Reading SC’s distance swimmers really took the eye in the longest events in the Berks and South Bucks championships in an evening session at Maidenhead.
Four trophies were up for grabs – the junior and senior championships in both 800 and 1500 freestyle – and the Evening Post-sponsored club brought home three, with two fresh qualifying times for the summer’s national championships, two repeat NQTs and numerous swims to Southern Counties standard.
Beyond that, the club’s coaching programme showed up very well just in terms of the numbers qualifying to swim at this level in such tough events.
The highlights came from Holly Tanner, Garry Dixon, Russel Korting, Alex Macarthur and Craig Frankum, all involved in races which showed a good distance heat can be every bit as exciting as a sprint.
Tanner was up against a fellow member of the Welsh ASA’s youth talent programme in Wycombe’s Jeni Howard. The pair have had many close finishes in events between 200 and 800 metres over the years and while the Reading girl was marginally the faster on paper, Howard had the edge in their last two meetings over this distance. Great swims by Wycombe’s Katie Ambridge and Windsor's Caroline Wroe to win the previous two heats added to the pressure.
Tanner established an arm’s length lead in the early stages, but couldn’t shake off her longer-reaching rival and at the 500m split the lead was down to just six hundredths. Tanner dug in and drew away in the last quarter, a four-second PB of 9:08.83 taking the gold by five seconds ahead of Ambridge, whose earlier effort just beat Howard to the silver as the trio took 1-2-3 in both junior and senior categories.
Emma Zadrozny placed seventh overall and Louisa Downs eighth, as Reading fielded 13 of the 40 girls across all age groups. Eight joined Tanner in swimming substantial PBs.
Louisa Herring was 10th in a 10-second best, with further PBs for Amy Kunicki (by 15 seconds), Leona Jones (23 seconds), Amy Thomas (six seconds), Louise Gillatt (13 seconds), Beth Ayerst (15 seconds), Kristina Paige (36 seconds) and the biggest gain of all by the youngest, Frankie Wilkins, who was almost a minute inside-entry. Wilkins swam stroke for stroke with Amersham’s Olivia Bailey and just touched out the Bucks swimmer in a great finish too close to call from the gallery.
The men’s 1500 was at least as exciting. Wycombe’s Alex Vine, 19, soon established a commanding lead as expected, but a battle developed behind him for the junior championship between Reading’s Garry Dixon and Russel Korting and Windsor's Tom Norgate.
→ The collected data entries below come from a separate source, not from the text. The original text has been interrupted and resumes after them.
lemma pattern_if_factor_simple:
  assumes simple: "factor_simple V E I"
  shows "singleton_pattern \<or> cosingleton_pattern"
proof -
  let ?F = "\<lambda>k. nbhd E (inv_into I \<rho> k)"
  note uniform = card_nbhd_eq_if_factor_simple[OF simple]
  have "(\<forall>k\<in>K. card (?F k) = 1) \<or> (\<forall>k\<in>K. card (?F k) = card K - 1)"
  proof (rule unit_Diff_family_cases[OF finite_K two_le_card refl])
    show "?F k \<subseteq> K" if "k \<in> K" for k
      using nbhd_subset inv_label[OF that] by blast
    show "card (?F k - ?F k') = 1" if "k \<in> K" "k' \<in> K" "k \<noteq> k'" for k k'
      using card_Diff_eq_1_if_factor_simple[OF simple] inv_label that by metis
    show "(\<Union>k\<in>K. ?F k) = K"
    proof
      show "(\<Union>k\<in>K. ?F k) \<subseteq> K"
        using nbhd_subset inv_label by blast
      show "K \<subseteq> (\<Union>k\<in>K. ?F k)"
      proof
        fix x assume "x \<in> K"
        then obtain v where "v \<in> I" "x \<in> nbhd E v"
          using nbhds_cover by blast
        then show "x \<in> (\<Union>k\<in>K. ?F k)"
          using nbhd_factors_through_label(2)[OF uniform] labels_onto by blast
      qed
    qed
  qed
  moreover have "deg E v = card (?F (\<rho> v))" if "v \<in> I" for v
    unfolding deg_def using nbhd_factors_through_label(2)[OF uniform that] by simp
  ultimately show ?thesis
    using singleton_pattern_if_deg_1 cosingleton_pattern_if_deg_card_minus_1 labels_onto
    by (metis imageI)
qed

lemma factor_connected: "factor_connected V E I"
proof -
  obtain k where "k \<in> K"
    using two_le_card by fastforce
  then obtain w where "w \<in> I" "\<rho> w \<noteq> k"
    by (rule exists_other_label)
  moreover have "factor_adj V E I u v" if "u \<in> I" "v \<in> I" "\<rho> u \<noteq> \<rho> v" for u v
    using same_label_iff[of u v] that unfolding factor_adj_def by force
  ultimately show ?thesis
    using factor_connected_if_labels_adjacent[of I \<rho> V E "inv_into I \<rho> k" w] inv_label[OF \<open>k \<in> K\<close>]
    by metis
qed

lemma factor_simple_if_pattern:
  assumes "singleton_pattern \<or> cosingleton_pattern"
  shows "factor_simple V E I"
proof -
  obtain \<pi> where "(\<forall>v\<in>I. nbhd E v = {\<pi> (\<rho> v)}) \<or> (\<forall>v\<in>I. nbhd E v = K - {\<pi> (\<rho> v)})"
    using assms unfolding singleton_pattern_def cosingleton_pattern_def by blast
  note pattern = this
  have le_1: "card (nbhd E u - nbhd E v) \<le> 1" if "u \<in> I" "v \<in> I" for u v
  proof -
    have "nbhd E u - nbhd E v \<subseteq> {\<pi> (\<rho> u)} \<or> nbhd E u - nbhd E v \<subseteq> {\<pi> (\<rho> v)}"
      using pattern that by auto
    then obtain k where "nbhd E u - nbhd E v \<subseteq> {k}" by blast
    then have "card (nbhd E u - nbhd E v) \<le> card {k}"
      by (rule card_mono[rotated]) simp
    then show ?thesis by simp
  qed
  show ?thesis
    unfolding factor_simple_def
  proof (intro ballI impI)
    fix u v assume "u \<in> I" "v \<in> I" "u \<noteq> v"
    then show "sigma V E u v \<le> 1"
      using sigma_split_graph[OF split] mult_le_mono[OF le_1[of u v] le_1[of v u]] by simp
  qed
qed

lemma crossing_if_pattern:
  assumes "singleton_pattern \<or> cosingleton_pattern"
  obtains \<pi> where "bij_betw \<pi> K K"
    and "\<And>u w. u \<in> I \<Longrightarrow> w \<in> I \<Longrightarrow> \<rho> u \<noteq> \<rho> w \<Longrightarrow>
      \<exists>b c. b \<in> nbhd E u - nbhd E w \<and> c \<in> nbhd E w - nbhd E u \<and> \<pi> (\<rho> u) \<in> {b, c}"
proof -
  obtain \<pi> where \<pi>: "bij_betw \<pi> K K"
    and pattern: "(\<forall>v\<in>I. nbhd E v = {\<pi> (\<rho> v)}) \<or> (\<forall>v\<in>I. nbhd E v = K - {\<pi> (\<rho> v)})"
    using assms unfolding singleton_pattern_def cosingleton_pattern_def by blast
  have "\<exists>b c. b \<in> nbhd E u - nbhd E w \<and> c \<in> nbhd E w - nbhd E u \<and> \<pi> (\<rho> u) \<in> {b, c}"
    if u: "u \<in> I" and w: "w \<in> I" and "\<rho> u \<noteq> \<rho> w" for u w
  proof -
    have "\<rho> u \<in> K" "\<rho> w \<in> K" using u w labels_onto by blast+
    then have "\<pi> (\<rho> u) \<noteq> \<pi> (\<rho> w)" "\<pi> (\<rho> u) \<in> K" "\<pi> (\<rho> w) \<in> K"
      using \<pi> \<open>\<rho> u \<noteq> \<rho> w\<close> by (auto simp: bij_betw_def inj_on_eq_iff)
    with pattern u w show ?thesis
      by (metis Diff_iff insertCI singletonD)
  qed
  with \<pi> that show ?thesis by blast
qed
(* For $n\ge1$, \begin{align*} \left|\Pi_n\wr C_2(1^11^1,1^12^2)\right|&=\sum_{j\geq 0}\sum_{i=1}^n \binom{i-1}{j}\binom{n-i}{j}j! +\sum_{j\geq 0} \sum_{i=2}^n(i-1)\binom{i-2}{j}\binom{n-i}{j}j!\\ &\quad+ \sum_{j\geq 0}\sum_{i=1}^{n-1}\binom{i-1}{j}\binom{n-i-1}{j}j!+1. \end{align*}
   Context: For $n\ge0$ let $[n]=\{1,\dots,n\}$. A $2$-colored set partition of $[n]$ is a set partition of $[n]$ together with an assignment of a color from $\{1,2\}$ to each element; $\Pi_n\wr C_2$ is the set of these. For a set $S$ of patterns, $\Pi_n\wr C_2(S)$ is the set of such colored partitions avoiding every pattern in $S$ in the pattern sense. For the patterns used here: $\sigma$ contains $1^11^1$ iff two elements in the same block have the same color; $\sigma$ contains $1^12^2$ iff there are $i<j$ in different blocks with $i$ colored $1$ and $j$ colored $2$. Binomial coefficients $\binom{a}{b}$ with $b>a$ or $a<0$ are $0$. *)

theory Defs
  imports Main "HOL-Library.Disjoint_Sets" "HOL-Library.FuncSet"
begin

definition colored_partitions :: "nat \<Rightarrow> (nat set set \<times> (nat \<Rightarrow> nat)) set" where
  "colored_partitions n =
     {(P, c). partition_on {1..n} P \<and> c \<in> {1..n} \<rightarrow>\<^sub>E {1, 2}}"

definition contains_11_11 :: "nat set set \<times> (nat \<Rightarrow> nat) \<Rightarrow> bool" where
  "contains_11_11 \<sigma> = (case \<sigma> of (P, c) \<Rightarrow>
     (\<exists>B\<in>P. \<exists>i\<in>B. \<exists>j\<in>B. i < j \<and> c i = c j))"

definition contains_11_22 :: "nat set set \<times> (nat \<Rightarrow> nat) \<Rightarrow> bool" where
  "contains_11_22 \<sigma> = (case \<sigma> of (P, c) \<Rightarrow>
     (\<exists>B\<in>P. \<exists>B'\<in>P. B \<noteq> B' \<and> (\<exists>i\<in>B. \<exists>j\<in>B'. i < j \<and> c i = 1 \<and> c j = 2)))"

definition avoiders :: "nat \<Rightarrow> (nat set set \<times> (nat \<Rightarrow> nat)) set" where
  "avoiders n = {\<sigma> \<in> colored_partitions n. \<not> contains_11_11 \<sigma> \<and> \<not> contains_11_22 \<sigma>}"

end

theory Submission
  imports Defs
begin

text \<open>In an avoider every block has at most two elements, and the two elements of a pair have
  different colors. If no element colored 1 precedes an element colored 2, the coloring is
  \<open>2\<^sup>a 1\<^sup>n\<^sup>-\<^sup>a\<close> and the pairs form a partial matching between \<open>{1..a}\<close> and \<open>{a+1..n}\<close>.
  Otherwise such a 1 and 2 must share a block; this forces them to be adjacent, the coloring to be
  \<open>2\<^sup>a 1 2 1\<^sup>n\<^sup>-\<^sup>a\<^sup>-\<^sup>2\<close> and the remaining pairs to match \<open>{1..a}\<close> with \<open>{a+3..n}\<close>.
  Partial matchings between an \<open>a\<close>-set and a \<open>b\<close>-set are counted by
  \<open>\<Sum>\<^sub>j (a choose j) (b choose j) j!\<close>; writing \<open>M\<close> for this number, the stated formula is a rearrangement of
  \<open>\<Sum>\<^sub>a M(a, n - a) + \<Sum>\<^sub>a M(a, n - 2 - a)\<close> using \<open>M(a+1, b) = M(a, b) + b M(a, b - 1)\<close>.\<close>

text \<open>Partial matchings between an \<open>a\<close>-set and a \<open>b\<close>-set: the first element of the \<open>a\<close>-set
  is unmatched or matched to one of \<open>b\<close> partners.\<close>

fun num_matchings :: "nat \<Rightarrow> nat \<Rightarrow> nat" where
  "num_matchings 0 b = 1"
| "num_matchings (Suc a) b = num_matchings a b + b * num_matchings a (b - 1)"

lemma choose_Suc_mult_fact: "(b choose Suc j) * fact (Suc j) = b * (((b - 1) choose j) * fact j)"
proof (cases b)
  case (Suc b')
  have "(Suc b' choose Suc j) * fact (Suc j) = (Suc j * (Suc b' choose Suc j)) * fact j"
    by (simp add: fact_Suc algebra_simps)
  also have "\<dots> = Suc b' * ((b' choose j) * fact j)"
    by (simp only: Suc_times_binomial mult.assoc)
  finally show ?thesis using Suc by simp
qed simp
The lead changed hands several times before Dixon pulled away to take the junior trophy and overall silver in 16:25.31, also cutting Vine’s lead substantially. Norgate placed second junior and Korting third, with Korting making his second national qualifying time of the season in a tough age group in 16:32.19.
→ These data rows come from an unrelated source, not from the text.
lemma laplacian_vanishes_if_parallel:
  fixes F :: "real^'m::finite \<Rightarrow> real^'n::finite"
  defines "L \<equiv> \<lambda>x. \<chi> j. laplacian (\<lambda>x. F x $ j) x"
  assumes card: "CARD('m) \<ge> 2" and k: "k \<ge> 1" and F: "\<And>j. hpoly k (\<lambda>x. F x $ j)"
    and F_j0: "\<not> sqnorm_dvd k (\<lambda>x. F x $ j0)"
    and parallel: "\<And>u. norm u = 1 \<Longrightarrow> L u = (L u \<bullet> F u) *\<^sub>R F u"
  shows "laplacian (\<lambda>x. F x $ j) x = 0"
proof (cases "k \<ge> 2")
  case False
  then have "laplacian (\<lambda>x. F x $ j) = (\<lambda>x. 0)"
    using hpoly_minus_laplacian[OF F[of j]] by (simp add: hpoly_minus_zero_iff)
  then show ?thesis by simp
next
  case True
  have Lj: "hpoly (k - 2) (\<lambda>x. L x $ j)" for j
    using hpoly_minus_imp_hpoly[OF hpoly_minus_laplacian[OF F]] unfolding L_def by simp
  have eq: "(L x \<bullet> F x) * F x $ j = (norm x ^ 2) ^ k * L x $ j" for x j
    by (rule homogeneous_parallel_on_sphere[OF Lj F k parallel])
  have "hpoly (k - 2 + k) (\<lambda>x. L x \<bullet> F x)"
    unfolding inner_vec_def inner_real_def by (intro hpoly_sum hpoly_mult Lj F) simp
  moreover have "k - 2 + k = 2 * k - 2" using True by simp
  ultimately have "L x \<bullet> F x = 0" for x
    using sqnorm_power_dvd_imp_zero[OF card k F F_j0 _ hpoly_imp_poly_on_lines[OF Lj] eq] by simp
  then have L0: "L x $ j = 0" if "x \<noteq> 0" for x
    using eq[of x j] that by simp
  have "L x $ j = 0"
  proof (cases "x = 0")
    case True
    have "L (0 *\<^sub>R 1) $ j = 0 ^ (k - 2) * L 1 $ j"
      by (rule hpoly_homogeneous[OF Lj])
    moreover have "(1 :: real^'m) \<noteq> 0" by (simp add: vec_eq_iff)
    ultimately show ?thesis using True L0[of 1] by simp
  qed (rule L0)
  then show ?thesis unfolding L_def by simp
qed

lemma minimal_form_not_sqnorm_dvd:
  fixes F :: "real^'m::finite \<Rightarrow> real^'n::finite"
  assumes k: "k \<ge> 1"
    and minimal: "\<not> (\<exists>(G :: real^'m \<Rightarrow> real^'n) d. d < k \<and> is_form d G \<and> (\<forall>x\<in>unit_sphere. G x = F x))"
  shows "\<exists>j. \<not> sqnorm_dvd k (\<lambda>x. F x $ j)"
proof (rule ccontr)
  assume "\<nexists>j. \<not> sqnorm_dvd k (\<lambda>x. F x $ j)"
  then have "\<forall>j. \<exists>H. hpoly_minus k 2 H \<and> (\<forall>x. F x $ j = norm x ^ 2 * H x)"
    unfolding sqnorm_dvd_def by blast
  then obtain H where H: "\<And>j. hpoly_minus k 2 (H j)" and F_eq: "\<And>j x. F x $ j = norm x ^ 2 * H j x"
    by (auto dest!: choice)
  define G where "G x = (\<chi> j. H j x)" for x
  have "is_form (k - 2) G"
    unfolding is_form_def G_def using hpoly_minus_imp_hpoly[OF H] by (simp add: hpoly_imp_hom_poly)
  moreover have "\<forall>x\<in>unit_sphere. G x = F x"
    unfolding unit_sphere_def G_def by (simp add: vec_eq_iff F_eq)
  moreover have "k - 2 < k" using k by simp
  ultimately show False using minimal by blast
qed
definition mat_decode :: "nat \<Rightarrow> nat \<Rightarrow> complex mat" where
  "mat_decode N c = (let xs = list_decode c in
      mat N N (\<lambda>(i, j). if i * N + j < length xs then gauss_decode (xs ! (i * N + j)) else 0))"

definition hermitian :: "nat \<Rightarrow> complex mat \<Rightarrow> bool" where
  "hermitian N A \<longleftrightarrow> A \<in> carrier_mat N N \<and> (\<forall>i<N. \<forall>j<N. A $$ (i, j) = cnj (A $$ (j, i)))"

definition gauss_rat :: "complex \<Rightarrow> bool" where
  "gauss_rat z \<longleftrightarrow> Re z \<in> \<rat> \<and> Im z \<in> \<rat>"

definition hermitian_Q :: "nat \<Rightarrow> complex mat \<Rightarrow> bool" where
  "hermitian_Q N A \<longleftrightarrow> hermitian N A \<and> (\<forall>i<N. \<forall>j<N. gauss_rat (A $$ (i, j)))"

definition psd :: "nat \<Rightarrow> complex mat \<Rightarrow> bool" where
  "psd N A \<longleftrightarrow> hermitian N A \<and>
     (\<forall>v \<in> carrier_vec N. 0 \<le> Re (conjugate v \<bullet> (A *\<^sub>v v)))"

definition loewner_le :: "nat \<Rightarrow> complex mat \<Rightarrow> complex mat \<Rightarrow> bool" where
  "loewner_le N A B \<longleftrightarrow> hermitian N A \<and> hermitian N B \<and> psd N (B - A)"

definition mat_trace :: "nat \<Rightarrow> complex mat \<Rightarrow> complex" where
  "mat_trace N A = (\<Sum>i<N. A $$ (i, i))"

definition density_matrix :: "nat \<Rightarrow> complex mat \<Rightarrow> bool" where
  "density_matrix N \<rho> \<longleftrightarrow> hermitian N \<rho> \<and> loewner_le N (0\<^sub>m N N) \<rho> \<and> mat_trace N \<rho> = 1"

definition unit_vector :: "nat \<Rightarrow> complex vec \<Rightarrow> bool" where
  "unit_vector N \<psi> \<longleftrightarrow> \<psi> \<in> carrier_vec N \<and> (\<Sum>i<N. (cmod (\<psi> $ i))\<^sup>2) = 1"

definition semi_measure :: "(bool list \<Rightarrow> real) \<Rightarrow> bool" where
  "semi_measure r \<longleftrightarrow> (\<forall>s. 0 \<le> r s) \<and> r summable_on UNIV \<and> (\<Sum>\<^sub>\<infinity>s. r s) \<le> 1"

definition lower_computable_semi_measure :: "(bool list \<Rightarrow> real) \<Rightarrow> bool" where
  "lower_computable_semi_measure r \<longleftrightarrow> semi_measure r \<and>
     (\<exists>F. computable F \<and>
        (\<forall>s. (\<lambda>n. real_of_rat (rat_decode (F (prod_encode (n, str_code s))))) \<longlonglongrightarrow> r s) \<and>
        (\<forall>n s. rat_decode (F (prod_encode (n, str_code s)))
               \<le> rat_decode (F (prod_encode (Suc n, str_code s)))))"

definition universal_probability :: "(bool list \<Rightarrow> real) \<Rightarrow> bool" where
  "universal_probability m \<longleftrightarrow> lower_computable_semi_measure m \<and>
     (\<forall>r. lower_computable_semi_measure r \<longrightarrow> (\<exists>c>0. \<forall>s. c * r s \<le> m s))"

definition mat_sum :: "nat \<Rightarrow> (bool list \<Rightarrow> complex mat) \<Rightarrow> bool list set \<Rightarrow> complex mat" where
  "mat_sum N R F = mat N N (\<lambda>(i, j). \<Sum>s\<in>F. R s $$ (i, j))"

text \<open>Since all R(s) are positive, the series sum R(s) \<le> I means all finite partial sums are \<le> I.\<close>
definition semi_POVM :: "nat \<Rightarrow> (bool list \<Rightarrow> complex mat) \<Rightarrow> bool" where
  "semi_POVM N R \<longleftrightarrow> (\<forall>s. loewner_le N (0\<^sub>m N N) (R s)) \<and>
     (\<forall>F. finite F \<longrightarrow> loewner_le N (mat_sum N R F) (1\<^sub>m N))"

definition mat_tendsto :: "nat \<Rightarrow> (nat \<Rightarrow> complex mat) \<Rightarrow> complex mat \<Rightarrow> bool" where
  "mat_tendsto N X A \<longleftrightarrow> (\<forall>i<N. \<forall>j<N. (\<lambda>n. X n $$ (i, j)) \<longlonglongrightarrow> A $$ (i, j))"

definition lower_computable_semi_POVM :: "nat \<Rightarrow> (bool list \<Rightarrow> complex mat) \<Rightarrow> bool" where
  "lower_computable_semi_POVM N R \<longleftrightarrow> semi_POVM N R \<and>
     (\<exists>F. computable F \<and>
        (\<forall>n s. hermitian_Q N (mat_decode N (F (prod_encode (n, str_code s))))) \<and>
        (\<forall>s. mat_tendsto N (\<lambda>n. mat_decode N (F (prod_encode (n, str_code s)))) (R s)) \<and>
        (\<forall>n s. loewner_le N (mat_decode N (F (prod_encode (n, str_code s)))) (R s)))"

end

theory Submission
  imports Defs "HOL-Library.More_List"
begin

text \<open>
  Each diagonal entry s \<mapsto> R(s)_ii of a lower-computable semi-POVM is itself a lower-computable
  semi-measure: the rational approximants of R(s) from below have diagonal entries below R(s)_ii
  that converge to it, and their running maximum is a computable increasing approximation.
  By universality each of these, and hence tr R(s), is bounded by a constant multiple of m(s).
  For a positive semi-definite A one has 2 |A_ij| \<le> A_ii + A_jj, so both <psi|A|psi> and
  tr(rho A) are at most N tr A when psi is a unit vector and rho a density matrix.
\<close>

section \<open>Total recursive functions\<close>

\<comment> \<open>total_rec n f says nothing about f on lists of length other than n, so we identify
  functions that agree on lists of length n\<close>
definition total_recursive :: "nat \<Rightarrow> (nat list \<Rightarrow> nat) \<Rightarrow> bool" where
  "total_recursive n F \<longleftrightarrow> (\<exists>f. total_rec n f \<and> (\<forall>xs. length xs = n \<longrightarrow> f xs = F xs))"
The event was a career landmark for Alex Macarthur, 13, who made his first ever national time in an earlier heat in 17:16.75 – a new PB by just under a minute. Macarthur had a great tussle with older teammate Craig Frankum one lane over, just 0.35 seconds separating the pair after the 60 lengths. Frankum cut his PB by some 33 seconds, as did York Kloeppel, while Sam Flory set a new PB by 29. Reading’s youngest entrant, Adam Barrett, entered on 20.09 and cut it by an astonishing 95 seconds.
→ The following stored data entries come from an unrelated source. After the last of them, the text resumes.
(* Let $M$ be a magma satisfying $(xy)z = x(yz)$ and $x(yx) = x$ for all $x,y,z\in M$. Then $M$ satisfies $xy = x$ for all $x,y\in M$ if and only if $M$ avoids the $2$-element right zero band $2_{RZ}$ on $\{0,1\}$ with Cayley table \[ \begin{array}{c|cc} 2_{RZ} & 0 & 1 \\ \hline 0 & 0 & 1 \\ 1 & 0 & 1 \end{array}. \]
   Context: A magma is a nonempty set with a binary operation, written by juxtaposition. A magma $M$ avoids a magma $F$ if no submagma of $M$ is isomorphic to $F$. *)

theory Defs
  imports Main
begin

definition magma :: "'a set \<Rightarrow> ('a \<Rightarrow> 'a \<Rightarrow> 'a) \<Rightarrow> bool" where
  "magma M op \<longleftrightarrow> M \<noteq> {} \<and> (\<forall>x\<in>M. \<forall>y\<in>M. op x y \<in> M)"

definition submagma :: "'a set \<Rightarrow> 'a set \<Rightarrow> ('a \<Rightarrow> 'a \<Rightarrow> 'a) \<Rightarrow> bool" where
  "submagma S M op \<longleftrightarrow> S \<subseteq> M \<and> magma S op"

definition magma_iso ::
  "'a set \<Rightarrow> ('a \<Rightarrow> 'a \<Rightarrow> 'a) \<Rightarrow> 'b set \<Rightarrow> ('b \<Rightarrow> 'b \<Rightarrow> 'b) \<Rightarrow> bool" where
  "magma_iso A opA B opB \<longleftrightarrow>
     (\<exists>h. bij_betw h A B \<and> (\<forall>x\<in>A. \<forall>y\<in>A. h (opA x y) = opB (h x) (h y)))"

definition avoids ::
  "'a set \<Rightarrow> ('a \<Rightarrow> 'a \<Rightarrow> 'a) \<Rightarrow> 'b set \<Rightarrow> ('b \<Rightarrow> 'b \<Rightarrow> 'b) \<Rightarrow> bool" where
  "avoids M op F opF \<longleftrightarrow> \<not> (\<exists>S. submagma S M op \<and> magma_iso F opF S op)"

definition rz2_carrier :: "nat set" where "rz2_carrier = {0, 1}"
definition rz2_op :: "nat \<Rightarrow> nat \<Rightarrow> nat" where "rz2_op x y = y"

end

theory Submission
  imports Defs
begin

text \<open>Associativity and \<open>x(yx) = x\<close> make \<open>M\<close> a rectangular band; in particular
  \<open>xx = x\<close>. For any \<open>x, y\<close> the pair \<open>{x, xy}\<close> is then a right zero subband, so \<open>M\<close>
  avoids \<open>2\<^sub>R\<^sub>Z\<close> exactly when every such pair collapses, i.e. when \<open>xy = x\<close>.\<close>

definition right_zero_on :: "('a \<Rightarrow> 'a \<Rightarrow> 'a) \<Rightarrow> 'a set \<Rightarrow> bool" where
  "right_zero_on op S \<longleftrightarrow> (\<forall>u\<in>S. \<forall>w\<in>S. op u w = w)"

lemma avoids_rz2_iff:
  "avoids M op rz2_carrier rz2_op \<longleftrightarrow>
     (\<forall>a\<in>M. \<forall>b\<in>M. right_zero_on op {a, b} \<longrightarrow> a = b)"
proof
  assume avoid: "avoids M op rz2_carrier rz2_op"
  show "\<forall>a\<in>M. \<forall>b\<in>M. right_zero_on op {a, b} \<longrightarrow> a = b"
  proof (intro ballI impI)
    fix a b
    assume ab: "a \<in> M" "b \<in> M" "right_zero_on op {a, b}"
    show "a = b"
    proof (rule ccontr)
      assume "a \<noteq> b"
      define h where "h = (\<lambda>n::nat. if n = 0 then a else b)"
      have "submagma {a, b} M op"
        using ab unfolding submagma_def magma_def right_zero_on_def by auto
      moreover have "magma_iso rz2_carrier rz2_op {a, b} op"
        unfolding magma_iso_def
      proof (intro exI conjI)
        show "bij_betw h rz2_carrier {a, b}"
          using \<open>a \<noteq> b\<close> unfolding bij_betw_def inj_on_def rz2_carrier_def h_def by auto
        show "\<forall>m\<in>rz2_carrier. \<forall>n\<in>rz2_carrier. h (rz2_op m n) = op (h m) (h n)"
          using ab(3) unfolding right_zero_on_def rz2_carrier_def rz2_op_def h_def by auto
      qed
      ultimately show False
        using avoid unfolding avoids_def by blast
    qed
  qed
next
  assume collapse: "\<forall>a\<in>M. \<forall>b\<in>M. right_zero_on op {a, b} \<longrightarrow> a = b"
  show "avoids M op rz2_carrier rz2_op"
    unfolding avoids_def
  proof
    assume "\<exists>S. submagma S M op \<and> magma_iso rz2_carrier rz2_op S op"
    then obtain S h where "S \<subseteq> M" and bij: "bij_betw h rz2_carrier S"
      and hom: "\<forall>m\<in>rz2_carrier. \<forall>n\<in>rz2_carrier. h (rz2_op m n) = op (h m) (h n)"
      unfolding submagma_def magma_iso_def by blast
    then have "h 0 \<in> M" "h 1 \<in> M"
      unfolding bij_betw_def rz2_carrier_def by auto
    moreover have "right_zero_on op {h 0, h 1}"
      using hom unfolding right_zero_on_def rz2_carrier_def rz2_op_def by auto
    ultimately have "h 0 = h 1"
      using collapse by blast
    moreover have "inj_on h {0, 1::nat}"
      using bij unfolding bij_betw_def rz2_carrier_def by simp
    ultimately show False
      by (auto dest: inj_onD)
  qed
qed

lemma rectangular_band_idem:
  assumes closed: "\<forall>x\<in>M. \<forall>y\<in>M. op x y \<in> M"
    and assoc: "\<forall>x\<in>M. \<forall>y\<in>M. \<forall>z\<in>M. op (op x y) z = op x (op y z)"
    and absorb: "\<forall>x\<in>M. \<forall>y\<in>M. op x (op y x) = x"
    and x: "x \<in> M"
  shows "op x x = x"
proof -
  have "op x x = op (op x (op x x)) x"
    using absorb x by simp
  also have "\<dots> = op x (op (op x x) x)"
    using assoc closed x by simp
  also have "\<dots> = x"
    using absorb closed x by simp
  finally show ?thesis .
qed

lemma rectangular_band_right_zero_on_pair:
  assumes closed: "\<forall>x\<in>M. \<forall>y\<in>M. op x y \<in> M"
    and assoc: "\<forall>x\<in>M. \<forall>y\<in>M. \<forall>z\<in>M. op (op x y) z = op x (op y z)"
    and absorb: "\<forall>x\<in>M. \<forall>y\<in>M. op x (op y x) = x"
    and x: "x \<in> M" and y: "y \<in> M"
  shows "right_zero_on op {x, op x y}"
proof -
  have idem: "op a a = a" if "a \<in> M" for a
    using rectangular_band_idem[OF closed assoc absorb that] .
  have "op x (op x y) = op (op x x) y"
    using assoc x y by simp
  then have "op x (op x y) = op x y"
    using idem x by simp
  moreover have "op (op x y) x = x"
    using assoc absorb x y by simp
  moreover have "op x x = x" "op (op x y) (op x y) = op x y"
    using idem closed x y by auto
  ultimately show ?thesis
    unfolding right_zero_on_def by auto
qed

lemma rectangular_band_left_zero_iff:
  assumes closed: "\<forall>x\<in>M. \<forall>y\<in>M. op x y \<in> M"
    and assoc: "\<forall>x\<in>M. \<forall>y\<in>M. \<forall>z\<in>M. op (op x y) z = op x (op y z)"
    and absorb: "\<forall>x\<in>M. \<forall>y\<in>M. op x (op y x) = x"
  shows "(\<forall>x\<in>M. \<forall>y\<in>M. op x y = x) \<longleftrightarrow>
         (\<forall>a\<in>M. \<forall>b\<in>M. right_zero_on op {a, b} \<longrightarrow> a = b)"
proof
  assume left_zero: "\<forall>x\<in>M. \<forall>y\<in>M. op x y = x"
  show "\<forall>a\<in>M. \<forall>b\<in>M. right_zero_on op {a, b} \<longrightarrow> a = b"
  proof (intro ballI impI)
    fix a b
    assume "a \<in> M" "b \<in> M" "right_zero_on op {a, b}"
    then have "op b a = a" "op b a = b"
      using left_zero unfolding right_zero_on_def by blast+
    then show "a = b"
      by simp
  qed
next
  assume collapse: "\<forall>a\<in>M. \<forall>b\<in>M. right_zero_on op {a, b} \<longrightarrow> a = b"
  show "\<forall>x\<in>M. \<forall>y\<in>M. op x y = x"
  proof (intro ballI)
    fix x y
    assume xy: "x \<in> M" "y \<in> M"
    then have "right_zero_on op {x, op x y}"
      by (rule rectangular_band_right_zero_on_pair[OF closed assoc absorb])
    with collapse closed xy have "x = op x y"
      by blast
    then show "op x y = x" ..
  qed
qed

theorem mainTheorem6:
  fixes M :: "'a set" and op :: "'a \<Rightarrow> 'a \<Rightarrow> 'a"
  assumes "magma M op"
    and "\<forall>x\<in>M. \<forall>y\<in>M. \<forall>z\<in>M. op (op x y) z = op x (op y z)"
    and "\<forall>x\<in>M. \<forall>y\<in>M. op x (op y x) = x"
  shows "(\<forall>x\<in>M. \<forall>y\<in>M. op x y = x) \<longleftrightarrow> avoids M op rz2_carrier rz2_op"
proof -
  have closed: "\<forall>x\<in>M. \<forall>y\<in>M. op x y \<in> M"
    using assms(1) unfolding magma_def by blast
  show ?thesis
    unfolding avoids_rz2_iff
    using rectangular_band_left_zero_iff[OF closed assms(2,3)] .
qed

end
The evening was also a landmark with first ever counties swims for many in the 4 x 25m 10-and-under medley and freestyle relays. Reading were represented by Annette Hopson, Eleanor Wood, Isobel Keenan and Emily Nichols for the girls, and Barnaby Kempster, Will Tyrrell, David Mills and James Bradley for the boys, with the top performance from the boys in placing fifth out of 14 teams in the freestyle.